Dan Replies:
Dear SP: If you were my son, you would enjoy playing with a wood stick. The cost of skates and the equipment needed to play the game safely is very expensive. Add to that the cost of ice time and most parents are making a sacrifice to have you play the game. At the skill level of a youth hockey player, a composite stick is no advantage to your game. Perhaps your teammates' parents have caved in to their player's wishes to have a composite, but that doesn't make it a need, only a want.
I suspect that if a stick manufacture came out with a $300 wood stick and an NHL star played with it, it would be a marketing success because we tend to equate price with value. There's a difference and it's no more clear than with composite sticks. If they were suddenly to all be priced at $5, no one would get caught dead playing with one.
Do your family's budget a favor and learn to play the game with a wooden stick. I guarantee it won't deter your path to the NHL.
Dear PF: Truth be told, in the hands of a professional player, composite sticks will add perhaps 5% to the speed of their shot. In the hands of a Squirt or a PeeWee, I don't think it will have any effect on the speed of his shot. Adam Oates prefers a wooden stick over composites because he says you have a better feel for the puck. I agree with Adam there is a better feel with a wooden stick. Therefore, I'd recommend a wooden stick over composites for that reason alone.
On the issue of cost, there is some talk in the NHL to prohibit the use of the composites. Not because they are more effective, but because of their cost. Teams' stick budgets have gone out of sight with their use. They break (and chip) as easily as wood and at 4 to 5 times the cost of a wood stick, the NHL teams' position is understandable. The Ducks' overspent their stick budget by December last season.

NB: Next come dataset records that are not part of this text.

(* Let $m_1,m_2,m_3>0$ with $m_1+m_2+m_3=1$, and consider the Hamiltonian of the spatial restricted four-body problem in the synodic (rotating) frame, $$H=\tfrac12(p_x^2+p_y^2+p_z^2)+yp_x-xp_y-\frac{m_1}{r_1}-\frac{m_2}{r_2}-\frac{m_3}{r_3},\qquad r_i=\sqrt{(x-x_i)^2+(y-y_i)^2+z^2},$$ where $(x_i,y_i,0)$ are the positions of the primaries, given by (with $K=m_2(m_3-m_2)+m_1(m_2+2m_3)$ and $S=\sqrt{m_2^2+m_2m_3+m_3^2}$) $$x_1=-\frac{|K|S}{K},\ y_1=0,\quad x_2=\frac{|K|[(m_2-m_3)m_3+m_1(2m_2+m_3)]}{2KS},\ y_2=-\frac{\sqrt3\,m_3}{2m_2^{3/2}}\sqrt{\frac{m_2^3}{S^2}},\quad x_3=\frac{|K|}{2S},\ y_3=\frac{\sqrt3}{2\sqrt{m_2}}\sqrt{\frac{m_2^3}{S^2}}.$$ Translate the origin to $m_3$ by $x\to x+x_3$, $y\to y+y_3$, $z\to z$, $p_x\to p_x-y_3$, $p_y\to p_y+x_3$, $p_z\to p_z$, discard additive constants, and then apply the symplectic scaling $(x,y,z,p_x,p_y,p_z)\to m_3^{1/3}(x,y,z,p_x,p_y,p_z)$ with multiplier $m_3^{-2/3}$. Then, writing $m_2=\mu$ and letting $m_3\to0$ (so that $m_1=1-\mu$ in the limit), the limit of the resulting Hamiltonian (in a neighborhood of $m_3$) exists and equals $$H=\tfrac12(p_x^2+p_y^2+p_z^2)+yp_x-xp_y+\tfrac18x^2-\tfrac{3\sqrt3}{4}(1-2\mu)xy-\tfrac58y^2+\tfrac12z^2-\frac{1}{\sqrt{x^2+y^2+z^2}}.$$
   Context: The three masses $m_1,m_2,m_3$ rotate rigidly at the vertices of an equilateral triangle of side $1$ about their common center of mass (placed at the origin), with unit angular velocity; the frame rotates with them. The symplectic form is $dp_x\wedge dx+dp_y\wedge dy+dp_z\wedge dz$. A symplectic scaling with multiplier $m_3^{-2/3}$ means the Hamiltonian in the scaled variables is $m_3^{-2/3}$ times the original Hamiltonian composed with the scaling.
   Formalization: The limit is asserted for $0<\mu\le 1/2$ only, taken pointwise as $m_3$ tends to 0 from above at each fixed scaled point whose (x,y,z) is not the origin. Apart from conventions, each condition added here is assumed in the paper as well or is needed for the statement above to hold. *)

theory Defs
  imports "HOL-Analysis.Analysis"
begin

definition K4 :: "real \<Rightarrow> real \<Rightarrow> real \<Rightarrow> real" where
  "K4 m1 m2 m3 = m2 * (m3 - m2) + m1 * (m2 + 2 * m3)"

definition S4 :: "real \<Rightarrow> real \<Rightarrow> real \<Rightarrow> real" where
  "S4 m1 m2 m3 = sqrt (m2^2 + m2 * m3 + m3^2)"

definition px1 :: "real \<Rightarrow> real \<Rightarrow> real \<Rightarrow> real" where
  "px1 m1 m2 m3 = - \<bar>K4 m1 m2 m3\<bar> * S4 m1 m2 m3 / K4 m1 m2 m3"
definition py1 :: "real \<Rightarrow> real \<Rightarrow> real \<Rightarrow> real" where
  "py1 m1 m2 m3 = 0"
definition px2 :: "real \<Rightarrow> real \<Rightarrow> real \<Rightarrow> real" where
  "px2 m1 m2 m3 = \<bar>K4 m1 m2 m3\<bar> * ((m2 - m3) * m3 + m1 * (2 * m2 + m3))
                   / (2 * K4 m1 m2 m3 * S4 m1 m2 m3)"
definition py2 :: "real \<Rightarrow> real \<Rightarrow> real \<Rightarrow> real" where
  "py2 m1 m2 m3 = - (sqrt 3 * m3 / (2 * m2 powr (3/2))) * sqrt (m2^3 / (S4 m1 m2 m3)^2)"
definition px3 :: "real \<Rightarrow> real \<Rightarrow> real \<Rightarrow> real" where
  "px3 m1 m2 m3 = \<bar>K4 m1 m2 m3\<bar> / (2 * S4 m1 m2 m3)"
definition py3 :: "real \<Rightarrow> real \<Rightarrow> real \<Rightarrow> real" where
  "py3 m1 m2 m3 = sqrt 3 / (2 * sqrt m2) * sqrt (m2^3 / (S4 m1 m2 m3)^2)"

definition H4 :: "real \<Rightarrow> real \<Rightarrow> real \<Rightarrow>
    real \<Rightarrow> real \<Rightarrow> real \<Rightarrow> real \<Rightarrow> real \<Rightarrow> real \<Rightarrow> real" where
  "H4 m1 m2 m3 x y z p_x p_y p_z =
     (p_x^2 + p_y^2 + p_z^2) / 2 + y * p_x - x * p_y
     - m1 / sqrt ((x - px1 m1 m2 m3)^2 + (y - py1 m1 m2 m3)^2 + z^2)
     - m2 / sqrt ((x - px2 m1 m2 m3)^2 + (y - py2 m1 m2 m3)^2 + z^2)
     - m3 / sqrt ((x - px3 m1 m2 m3)^2 + (y - py3 m1 m2 m3)^2 + z^2)"

definition H4_trans :: "real \<Rightarrow> real \<Rightarrow> real \<Rightarrow>
    real \<Rightarrow> real \<Rightarrow> real \<Rightarrow> real \<Rightarrow> real \<Rightarrow> real \<Rightarrow> real" where
  "H4_trans m1 m2 m3 x y z p_x p_y p_z =
     H4 m1 m2 m3 (x + px3 m1 m2 m3) (y + py3 m1 m2 m3) z
        (p_x - py3 m1 m2 m3) (p_y + px3 m1 m2 m3) p_z"

text \<open>The additive constant that is discarded: the constant term of the expansion of the
  translated Hamiltonian about the new origin (position of m3), i.e.
  -(x3^2+y3^2)/2 - m1/|P3 - P1| - m2/|P3 - P2|.\<close>

definition C4 :: "real \<Rightarrow> real \<Rightarrow> real \<Rightarrow> real" where
  "C4 m1 m2 m3 =
     - ((px3 m1 m2 m3)^2 + (py3 m1 m2 m3)^2) / 2
     - m1 / sqrt ((px3 m1 m2 m3 - px1 m1 m2 m3)^2 + (py3 m1 m2 m3 - py1 m1 m2 m3)^2)
     - m2 / sqrt ((px3 m1 m2 m3 - px2 m1 m2 m3)^2 + (py3 m1 m2 m3 - py2 m1 m2 m3)^2)"

definition H4_scaled :: "real \<Rightarrow> real \<Rightarrow>
    real \<Rightarrow> real \<Rightarrow> real \<Rightarrow> real \<Rightarrow> real \<Rightarrow> real \<Rightarrow> real" where
  "H4_scaled mu m3 x y z p_x p_y p_z =
     (let m1 = 1 - mu - m3; m2 = mu; c = m3 powr (1/3) in
      m3 powr (-(2/3)) *
        (H4_trans m1 m2 m3 (c * x) (c * y) (c * z) (c * p_x) (c * p_y) (c * p_z)
         - C4 m1 m2 m3))"

definition H_lim :: "real \<Rightarrow>
    real \<Rightarrow> real \<Rightarrow> real \<Rightarrow> real \<Rightarrow> real \<Rightarrow> real \<Rightarrow> real" where
  "H_lim mu x y z p_x p_y p_z =
     (p_x^2 + p_y^2 + p_z^2) / 2 + y * p_x - x * p_y + x^2 / 8
     - 3 * sqrt 3 / 4 * (1 - 2 * mu) * x * y - 5 / 8 * y^2 + z^2 / 2
     - 1 / sqrt (x^2 + y^2 + z^2)"

end

theory Submission
  imports Defs
begin

text \<open>Seen from m3, the primaries m1 and m2 lie at unit distance, and the center of mass
  condition reads P3 = m1 (P3 - P1) + m2 (P3 - P2). Put c = m3 powr (1/3). After the scaling
  q \<mapsto> c q the potential of m3 becomes m3 / (c |q|) = c^2 / |q|, while
  1 / |P3 - Pi + c q| = 1 - c ai + c^2 Ri with ai = (P3 - Pi) \<bullet> q. The constant terms are
  the discarded ones, and the linear terms cancel against those produced by the momentum shift
  because of the center of mass condition. Dividing by c^2 leaves the Kepler and Coriolis parts
  plus m1 R1 + m2 R2, and Ri tends to (|q|^2 - 3 ai^2) / 2 as c \<rightarrow> 0, where P3 - P1 tends
  to (1/2, sqrt 3 / 2) and P3 - P2 to (-1/2, sqrt 3 / 2).\<close>

text \<open>For a unit vector e, a = e \<bullet> q and b = |q|^2 we have
  1 / |e + c q| = 1 - c a + c^2 inv_dist_remainder a b c.\<close>

definition inv_dist_remainder :: "real \<Rightarrow> real \<Rightarrow> real \<Rightarrow> real" where
  "inv_dist_remainder a b c = (1 - c * a - 1 / sqrt (1 + c * (2 * a + c * b))) / c^2"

Many defensemen are going back to wood sticks because, as you might have seen in the Stanley Cup playoffs, on several occasions a D-man's composite stick would break on a shot from the point, the puck would be recovered by the opposing team and now the D-man has to defend without a stick. It was at that moment that some of the players decided to go back to the more reliable wooden sticks, which wear out over time, but don't snap with the frequency of composites.